Today, Victorville’s unemployment and poverty rates stand at 14 and 21 percent, respectively, both 6 points higher than the national figures. Housing demand there has shrunk as new buyers have disappeared – prices have plummeted from an average of about $300,000 in 2007 to $109,000 today.And new home permits went from almost 8000 from 2004−2006 to about 750 in 2008−2010, according to a 2010 report by Karlenzig.
Similar stories are playing out in fringe suburbs elsewhere. In Georgia’s Barrow County, 50 miles northwest of Atlanta, tax revenues declined more than 18 percent between 2008 and 2011, and county officials expect a 16 percent drop in the coming year alone. That’s led school officials there to propose cutting the school year by 20 days next year.
In neighboring Jackson County, the number of building permits issued went from 684 in 2006 to just 34 in 2010 and the largest city of Braselton is almost out of money, a quarter of its tax revenues eaten up by debt financing. Part of the area’s problem, according to University of Georgia economist Jeffrey Dorfman, is that Atlanta commuters now can afford to buy closer to the city, so they’re moving.
In the Chicago area, handfuls of houses in some subdivisions of Yorkville, 50 miles southwest of Chicago, sit alone among acres of lots that were cleared for new homes a few years ago at least 10 of Yorkville’s subdivisions are unfinished. Prior to the crash, 3 to 5 percent of the town’s students qualified for subsidized lunches; now that figure is in the double digits, according to the town’s school superintendent. Thirty-five miles north, in the exurb of Hampshire, a brand-new high school built to handle an expected influx of students during the boom years now has 15 shuttered classrooms, and the town is struggling to pay off the resulting debt.

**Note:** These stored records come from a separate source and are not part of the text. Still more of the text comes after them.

(* The couple $\big((\iota(H^1(\delta)),\|\cdot\|_{L^1(\ell^2)}),(\iota(H^2(\delta)),\|\cdot\|_{L^2(\ell^2)})\big)$ is $K$-closed in $\big(L^1([0,1],\ell^2),L^2([0,1],\ell^2)\big)$.
   Context: On $[0,1]$ with Lebesgue measure, $\mathcal{F}_n$ is generated by dyadic intervals of length $2^{-n}$, $\mathbb{E}_n$ the conditional expectation, $\Delta_0=\mathbb{E}_0$, $\Delta_n=\mathbb{E}_n-\mathbb{E}_{n-1}$. $\iota(f)=(\Delta_nf)_{n\ge0}$; $\iota(H^1(\delta))=\{(f_n)\in L^1(\ell^2):\Delta_nf_n=f_n\ \forall n\}$ and $\iota(H^2(\delta))=\{(f_n)\in L^2(\ell^2):\Delta_nf_n=f_n\ \forall n\}$. For Banach spaces $X_0,X_1$ continuously embedded in a common topological vector space, $t>0$ and $f\in X_0+X_1$, $K_t(f,X_0,X_1)=\inf\{\|g\|_{X_0}+t\|h\|_{X_1}: f=g+h,\ g\in X_0,h\in X_1\}$. If $Y_i\subset X_i$ ($i=0,1$), $(Y_0,Y_1)$ is $K$-closed in $(X_0,X_1)$ if there is $C$ with $K_t(f,Y_0,Y_1)\le CK_t(f,X_0,X_1)$ for all $t>0$ and $f\in Y_0+Y_1$. *)

theory Defs
  imports "HOL-Analysis.Analysis"
begin

definition M01 :: "real measure" where
  "M01 = restrict_space lborel {0..1}"

text \<open>An l2-valued function on [0,1] is represented by its coordinate sequence
  F :: nat => real => real (F n x is the n-th coordinate at x).\<close>
type_synonym seqfun = "nat \<Rightarrow> real \<Rightarrow> real"

definition esqrt :: "ennreal \<Rightarrow> ennreal" where
  "esqrt e = (if e = \<infinity> then \<infinity> else ennreal (sqrt (enn2real e)))"

definition l2sq :: "seqfun \<Rightarrow> real \<Rightarrow> ennreal" where
  "l2sq F x = (\<Sum>n. ennreal ((F n x)\<^sup>2))"

definition L1l2_norm :: "seqfun \<Rightarrow> ennreal" where
  "L1l2_norm F = (\<integral>\<^sup>+ x. esqrt (l2sq F x) \<partial>M01)"

definition L2l2_norm :: "seqfun \<Rightarrow> ennreal" where
  "L2l2_norm F = esqrt (\<integral>\<^sup>+ x. l2sq F x \<partial>M01)"

definition L1l2 :: "seqfun set" where
  "L1l2 = {F. (\<forall>n. F n \<in> borel_measurable M01) \<and> L1l2_norm F < \<infinity>}"

definition L2l2 :: "seqfun set" where
  "L2l2 = {F. (\<forall>n. F n \<in> borel_measurable M01) \<and> L2l2_norm F < \<infinity>}"

text \<open>Conditional expectation E_n w.r.t. the sigma-algebra generated by the dyadic
  intervals of length 2^-n: average over the dyadic interval containing x.\<close>
definition dyadic_interval :: "nat \<Rightarrow> real \<Rightarrow> real set" where
  "dyadic_interval n x =
     {of_int \<lfloor>2^n * x\<rfloor> / 2^n ..< (of_int \<lfloor>2^n * x\<rfloor> + 1) / 2^n}"

definition cond_exp_dyadic :: "nat \<Rightarrow> (real \<Rightarrow> real) \<Rightarrow> real \<Rightarrow> real" where
  "cond_exp_dyadic n f x = 2^n * (LINT y:dyadic_interval n x|M01. f y)"

definition Delta :: "nat \<Rightarrow> (real \<Rightarrow> real) \<Rightarrow> real \<Rightarrow> real" where
  "Delta n f x = (if n = 0 then cond_exp_dyadic 0 f x
                  else cond_exp_dyadic n f x - cond_exp_dyadic (n - 1) f x)"

definition mart_diff :: "seqfun \<Rightarrow> bool" where
  "mart_diff F \<longleftrightarrow> (\<forall>n. AE x in M01. Delta n (F n) x = F n x)"

definition iota_H1 :: "seqfun set" where
  "iota_H1 = {F \<in> L1l2. mart_diff F}"

definition iota_H2 :: "seqfun set" where
  "iota_H2 = {F \<in> L2l2. mart_diff F}"

definition decomp :: "seqfun \<Rightarrow> seqfun \<Rightarrow> seqfun \<Rightarrow> bool" where
  "decomp F g h \<longleftrightarrow> (AE x in M01. \<forall>n. F n x = g n x + h n x)"

definition Kfun :: "seqfun set \<Rightarrow> (seqfun \<Rightarrow> ennreal) \<Rightarrow> seqfun set \<Rightarrow> (seqfun \<Rightarrow> ennreal)
                    \<Rightarrow> real \<Rightarrow> seqfun \<Rightarrow> ennreal" where
  "Kfun X0 N0 X1 N1 t F =
     (INF gh \<in> {(g, h). g \<in> X0 \<and> h \<in> X1 \<and> decomp F g h}.
        N0 (fst gh) + ennreal t * N1 (snd gh))"

definition K_closed :: "seqfun set \<Rightarrow> (seqfun \<Rightarrow> ennreal) \<Rightarrow> seqfun set \<Rightarrow> (seqfun \<Rightarrow> ennreal)
   \<Rightarrow> seqfun set \<Rightarrow> (seqfun \<Rightarrow> ennreal) \<Rightarrow> seqfun set \<Rightarrow> (seqfun \<Rightarrow> ennreal) \<Rightarrow> bool" where
  "K_closed Y0 NY0 Y1 NY1 X0 NX0 X1 NX1 \<longleftrightarrow>
     (\<exists>C::real. \<forall>t>0. \<forall>F. (\<exists>g\<in>Y0. \<exists>h\<in>Y1. decomp F g h) \<longrightarrow>
        Kfun Y0 NY0 Y1 NY1 t F \<le> ennreal C * Kfun X0 NX0 X1 NX1 t F)"

end

theory Submission
  imports Defs
begin

text \<open>
  Let \<open>F = g\<^sub>0 + h\<^sub>0\<close> with martingale differences \<open>g\<^sub>0 \<in> L\<^sup>1(\<ell>\<^sup>2)\<close>, \<open>h\<^sub>0 \<in> L\<^sup>2(\<ell>\<^sup>2)\<close>, and let
  \<open>F = g + h\<close> be any decomposition in \<open>L\<^sup>1(\<ell>\<^sup>2) + L\<^sup>2(\<ell>\<^sup>2)\<close>. Stop the sequence \<open>(F\<^sub>n)\<close> at the first
  \<open>n\<close> where \<open>\<Sum>\<^sub>k\<^sub>\<le>\<^sub>n F\<^sub>k\<^sup>2\<close> exceeds \<open>l\<^sup>2\<close>. For the dyadic filtration \<open>|\<Delta>\<^sub>n f|\<close> is already
  \<open>\<F>\<^sub>n\<^sub>-\<^sub>1\<close>-measurable, so this stopping weight is predictable and both the stopped part and the
  remainder are again martingale differences. Pointwise, with \<open>S\<^sup>2 = \<Sum> F\<^sub>n\<^sup>2 \<le> 2|g|\<^sup>2 + 2|h|\<^sup>2\<close>, the
  remainder vanishes unless \<open>S > l\<close>, where \<open>S \<le> 2|g| + 4|h|\<^sup>2/l\<close>; and the stopped part has square
  sum at most \<open>min(S\<^sup>2, l\<^sup>2) \<le> 2l|g| + 2|h|\<^sup>2\<close>. Integrating and choosing \<open>l\<close> in terms of
  \<open>\<parallel>g\<parallel>\<^sub>1 + t\<parallel>h\<parallel>\<^sub>2\<close> gives \<open>K\<^sub>t(F; H\<^sup>1, H\<^sup>2) \<le> 8 (\<parallel>g\<parallel>\<^sub>1 + t\<parallel>h\<parallel>\<^sub>2)\<close>.
\<close>

section \<open>Functions constant on dyadic intervals\<close>

lemma floor_pow2_Suc_div2: "\<lfloor>(2::real)^m * z\<rfloor> = \<lfloor>(2::real)^Suc m * z\<rfloor> div 2"
proof -
  have "\<lfloor>(2::real)^m * z\<rfloor> = \<lfloor>2 * (2^m * z)\<rfloor> div 2"
    using floor_divide_real_eq_div[of 2 "2 * (2^m * z)"] by simp
  then show ?thesis
    by (simp only: power_Suc mult.assoc)
qed

lemma floor_pow2_eq_mono:
  assumes "k \<le> m" "\<lfloor>(2::real)^m * x\<rfloor> = \<lfloor>(2::real)^m * y\<rfloor>"
  shows "\<lfloor>(2::real)^k * x\<rfloor> = \<lfloor>(2::real)^k * y\<rfloor>"
  using assms
proof (induction m)
  case (Suc m)
  show ?case
  proof (cases "k = Suc m")
    case False
    then have "k \<le> m"
      using Suc.prems(1) by simp
    moreover have "\<lfloor>(2::real)^m * x\<rfloor> = \<lfloor>(2::real)^m * y\<rfloor>"
      unfolding floor_pow2_Suc_div2[of m x] floor_pow2_Suc_div2[of m y] Suc.prems(2) ..
    ultimately show ?thesis
      using Suc.IH by blast
  qed (use Suc.prems in simp)
qed simp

Nationally, the unemployment rate in exurbs rose by 126 percent during the recession, versus 113 percent in urban areas. House prices in the suburban fringes have not come back like those in the city cores, according to a recent Wall Street Journal-Zillow analysis. And while no one has tracked poverty rates in the exurbs themselves, poverty is rising faster in the suburbs as a whole than in cities: The number of suburban households in poverty grew 53 percent between 2000 and 2010, compared with 23 percent in urban areas, according to Brookings.
No one seems willing to bet that exurbs will grow anytime soon. In its 2012 report on real estate trends, the Urban Land Institute notes that real estate investors have no interest in suburban office parks and commercial real estate in farther-out suburbs because they see little chance of economic recovery or higher rents there.
But even as life on the edges gets harder, people who might like to leave for houses closer in are stuck because they can’t sell their homes, says Frey, who recently analyzed new mobility data from the Census Bureau. The twenty- and early thirty-somethings are putting off getting married, having children, and buying homes because they’re not getting well-paying jobs and can’t get mortgages because of tight credit standards, he says. Worse, for the first time since at least the 1930s, a succeeding generation of buyers – Gen X – is smaller than the one that went before it – baby boomers, according to McIlwain. “Even if there were no housing recession, you would still have a drop in demand from those move-up [buyers],” he says.
As long as middle-class incomes stay stagnant, there’s no clear road back to prosperity for exurbs like Victorville, he says. So for now, exurbia may be the new inner city, a place where people who are struggling economically congregate until they can put together enough money to leave for decent paying jobs elsewhere.
"There are a lot of people who say that we’re going to see more of the new ghettos out there [in the exurbs] than anywhere else,” says McIlwain. “I can see the logic of that.”